AMS may be open source (free). ofc its shit if a company uses opensource (free) code and develops something which is for piracy (and they make profit of it)...then it looks different


----------



## Goku1992A (Dec 5, 2020)

Thats a good thing like I told people in the past don't be too quick to jump ship. 

SXOS is still active.


----------



## ultimatepump (Dec 5, 2020)

Just upgraded to 11.0 and sxos also.  Everything is fine.


----------



## cashboxz01 (Dec 5, 2020)

Sora Takihawa said:


> AMS may be open source (free). ofc its shit if a company uses opensource (free) code and develops something which is for piracy (and they make profit of it)...then it looks different


Sony released the Playstation Classic by using a free open source emulator lol. TX released their XCI loading software bundled with AMS. You mad?


----------



## DinohScene -- PSA (Dec 5, 2020)

Keep it civil people.


----------



## Soraiko (Dec 5, 2020)

cashboxz01 said:


> Sony released the Playstation Classic by using a free open source emulator lol. TX released their XCI loading software bundled with AMS. You mad?



salty eh? me and mad LMAO.....haha you know that their XCI loader use NINTENDO CODE....lol..or what do ya think why no homebrew dev made an XCI loader?...not because they cant ..because it uses Nintendos code which is illegal

--------------------- MERGED ---------------------------



DinohScene said:


> Keep it civil people.


sorry you are right


----------



## ClancyDaEnlightened (Dec 5, 2020)

8BitWonder said:


> Your argument was that because Sony uses FOSS code it's fine that Gateway does.
> 
> It's fine that Sony does in the context of the PS-Classic because they respect the license.
> Gateway doesn't with SX OS.
> ...




Well sony does own the PlayStation to begin with


And tbh look at all the people who sell modding and piracy services on ebay, Im certain they're using open source code, and also pre installing roms, and profit from it.....

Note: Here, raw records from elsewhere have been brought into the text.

lemma chainA_row_0: "j \<noteq> 0 \<Longrightarrow> j \<noteq> 1 \<Longrightarrow> chainA v 0 j = 0"
  unfolding chainA_def by simp

lemma nijenhuis_chainA_sum:
  "nijenhuis chainA v i j k =
     (\<Sum>p\<in>chainA_support i. chainA v p j * chainA_deriv v i k p - chainA v p k * chainA_deriv v i j p
        - chainA v i p * (chainA_deriv v p k j - chainA_deriv v p j k))"
  unfolding nijenhuis_def
  by (subst (1 2 3) zsum_eq_sum[where S="chainA_support i"])
     (simp_all add: chainA_support_def pd_chainA chainA_deriv_eq_0 chainA_eq_0 sum_subtractf)

lemma nijenhuis_chainA_far:
  assumes "j \<notin> {0, 1}" "k \<notin> {0, 1}"
  shows "nijenhuis chainA v i j k = 0"
proof -
  have "chainA v p j * chainA_deriv v i k p - chainA v p k * chainA_deriv v i j p
        - chainA v i p * (chainA_deriv v p k j - chainA_deriv v p j k) = 0" for p
    using assms by (cases "p = 0") (simp_all add: chainA_row_0 chainA_deriv_column_eq_0)
  then show ?thesis
    unfolding nijenhuis_chainA_sum by simp
qed

lemma nijenhuis_chainA_column_01:
  assumes "b = 0 \<or> b = 1"
  shows "nijenhuis chainA v a b c =
    wedge_tensor 0 (\<lambda>a c. v 1 * chainA v a c - 4 * v 0 * kron a c) a b c
    + wedge_tensor 1 (\<lambda>a c. v 0 * chainA v a c) a b c"
proof -
  \<comment> \<open>For \<open>a \<le> -7\<close> and \<open>a \<ge> 6\<close> the indices \<open>a - 2, \<dots>, a + 2\<close> stay clear of \<open>-4, \<dots>, 3\<close>,
    so the computation is uniform in \<open>a\<close>; the rows in between are computed one by one.\<close>
  have "a \<le> -7 \<or> 6 \<le> a \<or> a = -6 \<or> a = -5 \<or> a = -4 \<or> a = -3 \<or> a = -2 \<or> a = -1
      \<or> a = 0 \<or> a = 1 \<or> a = 2 \<or> a = 3 \<or> a = 4 \<or> a = 5"
    by presburger
  with assms show ?thesis
    unfolding nijenhuis_chainA_sum chainA_support_def
    by (elim disjE;
        simp add: sum.insert_if;
        simp split del: if_split add: chainA_def chainA_deriv_def kron_def wedge_tensor_def;
        simp split: if_split add: kron_def chainA_def algebra_simps power2_eq_square)
qed

lemma nijenhuis_chainA:
  "nijenhuis chainA v = (\<lambda>a b c.
     wedge_tensor 0 (affine_op (v 1) (-4 * v 0) (chainA v)) a b c
     + wedge_tensor 1 (affine_op (v 0) 0 (chainA v)) a b c)"
proof (intro ext)
  fix a b c :: int
  consider "b = 0 \<or> b = 1" | "c = 0 \<or> c = 1" | "b \<notin> {0, 1}" "c \<notin> {0, 1}"
    by blast
  then show "nijenhuis chainA v a b c =
     wedge_tensor 0 (affine_op (v 1) (-4 * v 0) (chainA v)) a b c
     + wedge_tensor 1 (affine_op (v 0) 0 (chainA v)) a b c"
  proof cases
    case 1
    then show ?thesis
      using nijenhuis_chainA_column_01[of b v a c] by (simp add: wedge_tensor_def affine_op_def)
  next
    case 2
    then show ?thesis
      using nijenhuis_antisym[of chainA v a b c] nijenhuis_chainA_column_01[of c v a b]
      by (simp add: wedge_tensor_def affine_op_def)
  next
    case 3
    then show ?thesis
      by (simp add: nijenhuis_chainA_far wedge_tensor_def)
  qed
qed

lemma nijenhuis_chainA_eq_0:
  assumes "b \<notin> chainA_support a \<or> c \<notin> chainA_support a"
  shows "nijenhuis chainA v a b c = 0"
proof -
  have "0 \<in> chainA_support a" "1 \<in> chainA_support a" "a \<in> chainA_support a"
    by (simp_all add: chainA_support_def)
  then show ?thesis
    using assms unfolding nijenhuis_chainA wedge_tensor_def affine_op_def kron_def
    by (auto simp: chainA_eq_0)
qed

theorem proposition4p3:
  shows "\<forall>u i j k. haantjes chainA u i j k = 0"
proof (intro allI)
  fix u i j k
  let ?U = "\<Union> (chainA_support ` chainA_support i) \<union> {j, k}"
  have U: "finite ?U" "0 \<in> ?U" "1 \<in> ?U" "i \<in> ?U" "j \<in> ?U" "k \<in> ?U"
    by (auto simp: chainA_support_def)
  have "haantjes chainA u i j k = haantjes_on ?U (chainA u) (nijenhuis chainA u) i j k"
    by (rule haantjes_eq_haantjes_on)
       (simp_all add: chainA_support_def chainA_eq_0 nijenhuis_chainA_eq_0)
  also have "\<dots> = haantjes_on ?U (chainA u) (wedge_tensor 0 (affine_op (u 1) (-4 * u 0) (chainA u))) i j k
      + haantjes_on ?U (chainA u) (wedge_tensor 1 (affine_op (u 0) 0 (chainA u))) i j k"
    unfolding nijenhuis_chainA by (rule haantjes_on_add)
  also have "\<dots> = 0"
  proof -
    have "haantjes_on ?U (chainA u) (wedge_tensor b (affine_op x y (chainA u))) i j k = 0"
      if "b \<in> ?U" for b x y
      using U(1) that U(4-6)
      by (rule haantjes_on_wedge_tensor) (blast intro: affine_op_commute[OF U(1)])
    then show ?thesis
      using U(2,3) by simp
  qed
  finally show "haantjes chainA u i j k = 0" .
qed

end
definition visits_before :: "'v list \<Rightarrow> 'v \<Rightarrow> 'v \<Rightarrow> bool" where
  "visits_before xs a b \<longleftrightarrow> (\<exists>p q. p < q \<and> q < length xs \<and> xs ! p = a \<and> xs ! q = b)"

definition i_simple :: "('v \<times> 'v) set \<Rightarrow> 'v \<Rightarrow> 'v \<Rightarrow> 'v \<Rightarrow> bool" where
  "i_simple E out i v \<longleftrightarrow> (\<exists>S. simple_path E i out S \<and> v \<in> set S)"

definition i_appendage :: "('v \<times> 'v) set \<Rightarrow> 'v \<Rightarrow> 'v \<Rightarrow> 'v \<Rightarrow> bool" where
  "i_appendage E out i v \<longleftrightarrow> downstream E i v \<and> \<not> i_simple E out i v"

definition abs_simple :: "('v \<times> 'v) set \<Rightarrow> 'v set \<Rightarrow> 'v \<Rightarrow> 'v \<Rightarrow> bool" where
  "abs_simple E I out v \<longleftrightarrow> (\<forall>i\<in>I. i_simple E out i v)"

definition abs_appendage :: "('v \<times> 'v) set \<Rightarrow> 'v set \<Rightarrow> 'v \<Rightarrow> 'v \<Rightarrow> bool" where
  "abs_appendage E I out v \<longleftrightarrow> (\<forall>i\<in>I. i_appendage E out i v)"

definition abs_super_simple :: "'v set \<Rightarrow> ('v \<times> 'v) set \<Rightarrow> 'v set \<Rightarrow> 'v \<Rightarrow> 'v \<Rightarrow> bool" where
  "abs_super_simple V E I out v \<longleftrightarrow> v \<in> V \<and> (\<forall>i\<in>I. \<forall>S. simple_path E i out S \<longrightarrow> v \<in> set S)"

definition ss_greater :: "('v \<times> 'v) set \<Rightarrow> 'v set \<Rightarrow> 'v \<Rightarrow> 'v \<Rightarrow> 'v \<Rightarrow> bool" where
  "ss_greater E I out a b \<longleftrightarrow> (\<forall>i\<in>I. \<forall>S. simple_path E i out S \<longrightarrow> visits_before S a b)"

definition rho1 :: "'v set \<Rightarrow> ('v \<times> 'v) set \<Rightarrow> 'v set \<Rightarrow> 'v \<Rightarrow> 'v" where
  "rho1 V E I out = (THE r. abs_super_simple V E I out r \<and>
      (\<forall>r'. abs_super_simple V E I out r' \<and> r' \<noteq> r \<longrightarrow> ss_greater E I out r r'))"

definition adjacent_ss :: "'v set \<Rightarrow> ('v \<times> 'v) set \<Rightarrow> 'v set \<Rightarrow> 'v \<Rightarrow> 'v \<Rightarrow> 'v \<Rightarrow> bool" where
  "adjacent_ss V E I out a b \<longleftrightarrow> abs_super_simple V E I out a \<and> abs_super_simple V E I out b \<and>
     ss_greater E I out a b \<and>
     \<not> (\<exists>r. abs_super_simple V E I out r \<and> ss_greater E I out a r \<and> ss_greater E I out r b)"

definition between_ss :: "'v set \<Rightarrow> ('v \<times> 'v) set \<Rightarrow> 'v set \<Rightarrow> 'v \<Rightarrow> 'v \<Rightarrow> bool" where
  "between_ss V E I out v \<longleftrightarrow> (\<exists>a b. adjacent_ss V E I out a b \<and> abs_simple E I out v \<and>
     (\<exists>i\<in>I. \<exists>S. simple_path E i out S \<and> visits_before S a v \<and> visits_before S v b))"

definition cs_path_equiv :: "'v set \<Rightarrow> ('v \<times> 'v) set \<Rightarrow> 'v list \<Rightarrow> 'v \<Rightarrow> 'v \<Rightarrow> bool" where
  "cs_path_equiv V E S u v \<longleftrightarrow>
     (let C = V - set S in u \<in> C \<and> v \<in> C \<and>
        (u, v) \<in> (E \<inter> (C \<times> C))\<^sup>* \<and> (v, u) \<in> (E \<inter> (C \<times> C))\<^sup>*)"

definition W_nodes :: "'v set \<Rightarrow> ('v \<times> 'v) set \<Rightarrow> 'v set \<Rightarrow> 'v \<Rightarrow> 'v set" where
  "W_nodes V E I out = {v \<in> V.
      v \<in> I
    \<or> v = rho1 V E I out
    \<or> (\<exists>i\<in>I. \<exists>S. simple_path E i out S \<and> visits_before S i v \<and> visits_before S v (rho1 V E I out))
    \<or> (\<not> abs_appendage E I out v \<and> \<not> abs_simple E I out v)
    \<or> (abs_appendage E I out v \<and>
         (\<exists>i\<in>I. \<exists>S. simple_path E i out S \<and>
            (\<exists>u. \<not> abs_appendage E I out u \<and> \<not> between_ss V E I out u \<and> cs_path_equiv V E S v u)))}"

text \<open>Entries of the generalized homeostasis matrix are independent indeterminates;
  we represent them symbolically: Jac j l stands for f_{j,x_l}, Inp i for -f_{i,I};
  None stands for the entry 0.\<close>
datatype 'v entry = Jac 'v 'v | Inp 'v

type_synonym 'v gmat = "'v \<Rightarrow> 'v \<Rightarrow> 'v entry option"

text \<open><H>(K) for node set K, arrows E, inputs I and output b: rows and columns indexed by K
  (the column labelled b is the replaced input column). All nodes are self-coupled.\<close>
definition hmat :: "'v set \<Rightarrow> ('v \<times> 'v) set \<Rightarrow> 'v set \<Rightarrow> 'v \<Rightarrow> 'v gmat" where
  "hmat K E I b j l =
     (if j \<in> K \<and> l \<in> K then
        (if l = b then (if j \<in> I then Some (Inp j) else None)
         else if l = j \<or> (l, j) \<in> E then Some (Jac j l) else None)
      else None)"

definition fully_indecomposable :: "'v gmat \<Rightarrow> 'v set \<Rightarrow> 'v set \<Rightarrow> bool" where
  "fully_indecomposable M R C \<longleftrightarrow> finite R \<and> finite C \<and> card R = card C \<and> card R \<ge> 1 \<and>
     (card R = 1 \<longrightarrow> (\<forall>r\<in>R. \<forall>c\<in>C. M r c \<noteq> None)) \<and>
     (\<forall>A B. A \<subseteq> R \<longrightarrow> B \<subseteq> C \<longrightarrow> A \<noteq> {} \<longrightarrow> B \<noteq> {} \<longrightarrow> card A + card B = card R \<longrightarrow>
        (\<exists>a\<in>A. \<exists>c\<in>B. M a c \<noteq> None))"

Or people who sell pre modded units...... Charge 275-400 usd for a n3dsxl with cfw and roms installed for you....and the 3ds is discontinued officially


----------



## cashboxz01 (Dec 5, 2020)

Sora Takihawa said:


> salty eh? me and mad LMAO.....haha you know that their XCI loader use NINTENDO CODE....lol
> 
> --------------------- MERGED ---------------------------
> 
> ...


You seem quite mad that Atmosphere didn't get the credit it deserved. You implied that if TX customers were rightfully given the information that Atmosphere's code was used in their OS, they'd flock towards that path...and is the ultimate sin is the lack of GPL license in this situation. Evidently, you still can't compute the severity of the major crime vs minor in this situation, despite knowing Nintendo's code was pirated in their OS to enable pirating of Nintendo Switch software. You also implied that if people who bought SXOS knew how much code was stolen from Nintendo, they wouldn't purchase/support them.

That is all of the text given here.